Running queries in no time with Elasticsearch on Full Metal
Every so often we come across a use case that makes every hour of work put into our Full Metal Cloud worth it many times over. Today we’re in the happy position of sharing one of those use cases with you. AlignAlytics ran Elasticsearch queries on 10 million documents (approx. 4 GB of compressed data) and consistently saw with Bigstep a 100-200% performance improvement over their existing dedicated servers. The specs on their machines were quite similar to those of our Full Metal Compute Instances, which makes this one of the closest “apples to apples” comparisons we’ve done.
In fact, here’s what the AlignAlytics team had to say about it:
“We were expecting better performance in the bare metal infrastructure compared to traditional cloud based dedicated servers, but it was incredible to see that performance was twice as good throughout and in some cases even better when dealing with highly complex queries like geo distance calculations.”
Amit Talhan – Senior Developer at AlignAlytics
Data size: 10 million documents, approx. 4 GB with Elasticsearch compression.
Existing AlignAlytics cluster
|Node 1||Node 2 & 3||Node 4|
|ES Allocated RAM||6 GB||6 GB||6 GB|
|Total RAM||8 GB||8 GB||8 GB|
|Disk||750 GB (SATA)||250 GB (SSD)||250 GB (SSD)|
|CPU||Intel Xeon E3-1230 3.3 GHz (4 cores, 8vCores)||Intel Xeon X3440 @ 2.53GHz (4 cores, 8vCores)||Intel Xeon E3-1230 3.3GHz (4 cores, 8vCores)|
|Full Metal Cloud Cluster|
|Node 1 – 4|
|ES Allocated RAM||6 GB|
|Total RAM||16 GB|
|Disk||200 GB (SSD)|
|CPU||3.3 GHz, 4 Cores|
|Network Speed||4 GbE ports|
Multiple terms search
Multiple Terms Aggregations
Multiple Terms Aggregations and a Numeric Histogram
Multiple Terms Aggregations and a Geo Hash Aggregation (precision 5)

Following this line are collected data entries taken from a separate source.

(* Let $n\geq 3$ be odd, $m>1$ be odd, and let $G$ be a non-regular bipartite graph of order $m$ with a bipartition $\{A,B\}$ such that all vertices of $A$ have the same degree and all vertices of $B$ have the same degree. Then $\chi_{ld}(G[\overline{K_{n}}])=2$.
   Context: All graphs are finite, simple and undirected, without isolated vertices. For a graph $G=(V,E)$ of order $N$ without isolated vertices, a bijection $f\colon V\to\{1,2,\dots,N\}$ is a local distance antimagic labeling if $w(u)\neq w(v)$ for every edge $uv$, where $w(u)=\sum_{x\in N(u)}f(x)$ and $N(u)$ is the open neighborhood of $u$. $\chi_{ld}(G)$ is the minimum number of distinct weights over all local distance antimagic labelings of $G$. $\overline{K_n}$ is the edgeless graph on $n$ vertices. The lexicographic product $G[H]$ has vertex set $V(G)\times V(H)$, with $(g,h)$ adjacent to $(g',h')$ iff $gg'\in E(G)$, or $g=g'$ and $hh'\in E(H)$. *)

theory Defs
  imports Main
begin

definition simple_graph :: "'a set \<Rightarrow> ('a \<Rightarrow> 'a \<Rightarrow> bool) \<Rightarrow> bool" where
  "simple_graph V E \<longleftrightarrow> finite V \<and> (\<forall>x y. E x y \<longrightarrow> x \<in> V \<and> y \<in> V)
     \<and> (\<forall>x y. E x y \<longrightarrow> E y x) \<and> (\<forall>x. \<not> E x x)"

definition no_isolated :: "'a set \<Rightarrow> ('a \<Rightarrow> 'a \<Rightarrow> bool) \<Rightarrow> bool" where
  "no_isolated V E \<longleftrightarrow> (\<forall>v\<in>V. \<exists>u\<in>V. E v u)"

definition nbhd :: "'a set \<Rightarrow> ('a \<Rightarrow> 'a \<Rightarrow> bool) \<Rightarrow> 'a \<Rightarrow> 'a set" where
  "nbhd V E v = {u \<in> V. E v u}"

definition deg :: "'a set \<Rightarrow> ('a \<Rightarrow> 'a \<Rightarrow> bool) \<Rightarrow> 'a \<Rightarrow> nat" where
  "deg V E v = card (nbhd V E v)"

definition regular :: "'a set \<Rightarrow> ('a \<Rightarrow> 'a \<Rightarrow> bool) \<Rightarrow> bool" where
  "regular V E \<longleftrightarrow> (\<forall>u\<in>V. \<forall>v\<in>V. deg V E u = deg V E v)"

definition bipartition :: "'a set \<Rightarrow> ('a \<Rightarrow> 'a \<Rightarrow> bool) \<Rightarrow> 'a set \<Rightarrow> 'a set \<Rightarrow> bool" where
  "bipartition V E A B \<longleftrightarrow> A \<union> B = V \<and> A \<inter> B = {}
     \<and> (\<forall>x y. E x y \<longrightarrow> (x \<in> A \<and> y \<in> B) \<or> (x \<in> B \<and> y \<in> A))"

definition weight :: "'a set \<Rightarrow> ('a \<Rightarrow> 'a \<Rightarrow> bool) \<Rightarrow> ('a \<Rightarrow> nat) \<Rightarrow> 'a \<Rightarrow> nat" where
  "weight V E f u = (\<Sum>x\<in>nbhd V E u. f x)"

definition ld_antimagic :: "'a set \<Rightarrow> ('a \<Rightarrow> 'a \<Rightarrow> bool) \<Rightarrow> ('a \<Rightarrow> nat) \<Rightarrow> bool" where
  "ld_antimagic V E f \<longleftrightarrow> bij_betw f V {1..card V}
     \<and> (\<forall>u v. E u v \<longrightarrow> weight V E f u \<noteq> weight V E f v)"

definition chi_ld :: "'a set \<Rightarrow> ('a \<Rightarrow> 'a \<Rightarrow> bool) \<Rightarrow> nat" where
  "chi_ld V E = Min {card (weight V E f ` V) | f. ld_antimagic V E f}"

definition lex_verts :: "'a set \<Rightarrow> 'b set \<Rightarrow> ('a \<times> 'b) set" where
  "lex_verts V W = V \<times> W"

definition lex_adj :: "('a \<Rightarrow> 'a \<Rightarrow> bool) \<Rightarrow> ('b \<Rightarrow> 'b \<Rightarrow> bool) \<Rightarrow> 'a \<times> 'b \<Rightarrow> 'a \<times> 'b \<Rightarrow> bool" where
  "lex_adj E F p q \<longleftrightarrow> E (fst p) (fst q) \<or> (fst p = fst q \<and> F (snd p) (snd q))"

definition empty_verts :: "nat \<Rightarrow> nat set" where "empty_verts n = {0..<n}"
definition empty_adj :: "nat \<Rightarrow> nat \<Rightarrow> bool" where "empty_adj x y = False"

end

theory Submission
  imports Defs
begin

text \<open>
  Write the labels 1, ..., m n into an m x n array whose rows are indexed by the vertices
  of G and whose columns by the n copies of a vertex in G[K_n-bar], such that all rows have
  the same sum C; for m and n odd this is possible (a Kotzig array).  The neighbourhood of
  (v, i) in G[K_n-bar] is N(v) x {0..<n}, so its weight is deg(v) C.  As G is bipartite with
  constant degree on each side but not regular, adjacent vertices have different degrees
  and only two degrees occur: the labeling is local distance antimagic with two weights,
  and no labeling of a graph with an edge gets by with fewer.
\<close>

text \<open>Column i of a (2k+1) x n array whose columns are permutations of {0..2k} and whose
  rows all sum to k n: the first three columns have row sums 3k, the remaining ones come in
  pairs with entries j and 2k - j.\<close>
definition kotzig_entry :: "nat \<Rightarrow> nat \<Rightarrow> nat \<Rightarrow> nat" where
  "kotzig_entry k i j =
     (if i = 0 then j
      else if i = 1 then (if j \<le> k then j + k else j - k - 1)
      else if i = 2 then (if j \<le> k then 2*k - 2*j else 4*k + 1 - 2*j)
      else if even i then 2*k - j else j)"

lemma kotzig_entry_less: "j < 2*k + 1 \<Longrightarrow> kotzig_entry k i j < 2*k + 1"
  by (auto simp: kotzig_entry_def)

lemma inj_on_kotzig_entry: "inj_on (kotzig_entry k i) {..<2*k + 1}"
  unfolding inj_on_def kotzig_entry_def by (auto split: if_splits; presburger)

lemma kotzig_row_sum:
  assumes "odd n" "3 \<le> n" "j < 2*k + 1"
  shows "(\<Sum>i<n. kotzig_entry k i j) = k * n"
proof -
  have "\<exists>p. n = 3 + 2*p"
    using assms(1,2) by presburger
  then obtain p where n: "n = 3 + 2*p" ..
  have "(\<Sum>i<3 + 2*p. kotzig_entry k i j) = k * (3 + 2*p)"
  proof (induction p)
    case 0
    show ?case using assms(3) by (simp add: numeral_3_eq_3 lessThan_Suc kotzig_entry_def)
  next
    case (Suc p)
    have "3 + 2 * Suc p = Suc (Suc (3 + 2*p))" by simp
    moreover have "kotzig_entry k (3 + 2*p) j + kotzig_entry k (Suc (3 + 2*p)) j = 2*k"
      using assms(3) by (simp add: kotzig_entry_def)
    ultimately show ?case
      using Suc.IH by (simp only: sum.lessThan_Suc) (simp add: distrib_left)
  qed
  then show ?thesis unfolding n .
qed

definition row_magic_labeling :: "'a set \<Rightarrow> nat \<Rightarrow> ('a \<times> nat \<Rightarrow> nat) \<Rightarrow> nat \<Rightarrow> bool" where
  "row_magic_labeling V n f C \<longleftrightarrow>
     bij_betw f (V \<times> {0..<n}) {1..card V * n} \<and> (\<forall>v\<in>V. (\<Sum>i<n. f (v, i)) = C)"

Four Tier aggregation with Date, Term, Term and Numeric
The Story behind the results
“ As an analytics solutions provider our team of data scientists performs various types of analysis on a variety of large amounts of data. This deep and wide-ranging analysis is what facilitates our discovery of actionable insights for our clients in order to solve their most critical business challenges and enable confident decision making. To be able to fulfil these analysis requirements and deliver the best results, we had to move away from traditional SQL to unstructured data, where Elasticsearch was best suited. As the data size and complexity of the queries increased, it was clear to us that infrastructure mattered and we needed to ensure the best performing setup for running our Elasticsearch cluster. This lead to the performance benchmarking exercise which confirmed that Bigstep’s Full Metal Cloud can provide more than twice the performance of regular dedicated servers and therefore empower us to better execute our analysis and more rapidly deliver valuable insights to our clients. “
Amit Talhan – Senior Developer at AlignAlytics
Because the results were consistently 100-200% better than their existing infrastructure, AlignAlytics’s technical team came back asking for an explanation. They might have expected that in a virtualized environment, where hardware is oversold and there are noisy neighbors. But they were working with dedicated servers specifically to avoid those problems and they were using SSD local storage to avoid any I/O bottlenecks. So how could a bare metal cloud provide more performance than dedicated servers with local SSD drives, they asked.
Here are what we consider the usual suspects responsible for the difference in performance:
- Our wire-speed bare metal network ensures that clients have the smallest physically possible network latency – as all switching happens at the hardware level. This means that connectivity between machines and to the storage is excellent, so much so that even working with local disks might not compensate for the difference.
- Even with hardware, components are not created equal. Memory frequency can vary greatly and, although usually underestimated, takes quite a toll on performance. Up to 20% more performance can be achieved from the same setup, simply by increasing memory frequency as shown in one of our previous performance benchmarks.
All-SSD storage based on enterprise drives
- As in the case of memory, not all SSD drives perform equally. For instance, lower end drives provide good performance for reading but not for writing. In fact, it is well documented that writing to SSDs can be quite slow. That’s why even some SSD based systems can achieve sub-optimal performance overall.
The main takeaway from AlignAlytics findings is to never take anything for granted. Especially due to the cloud’s pay-per-hour billing model, it has become affordable to test several providers and setups before deciding where you want to invest your infrastructure budget. Of course these tests take time and these comparisons aren’t always like for like. But, if nothing else, you’ll have a much better understanding of the strong and weak points of the system you’re building. That’s very precious knowledge when you find yourself having to scale or having to predict infrastructure costs realistically.
As we found in our testing with AlignAlytics, not everything labeled SSD really improves performance, local drives aren’t always better and what’s apparently the same 8 GB of RAM can perform very differently across providers. Nothing compares to getting your hands on a setup and testing it with your applications.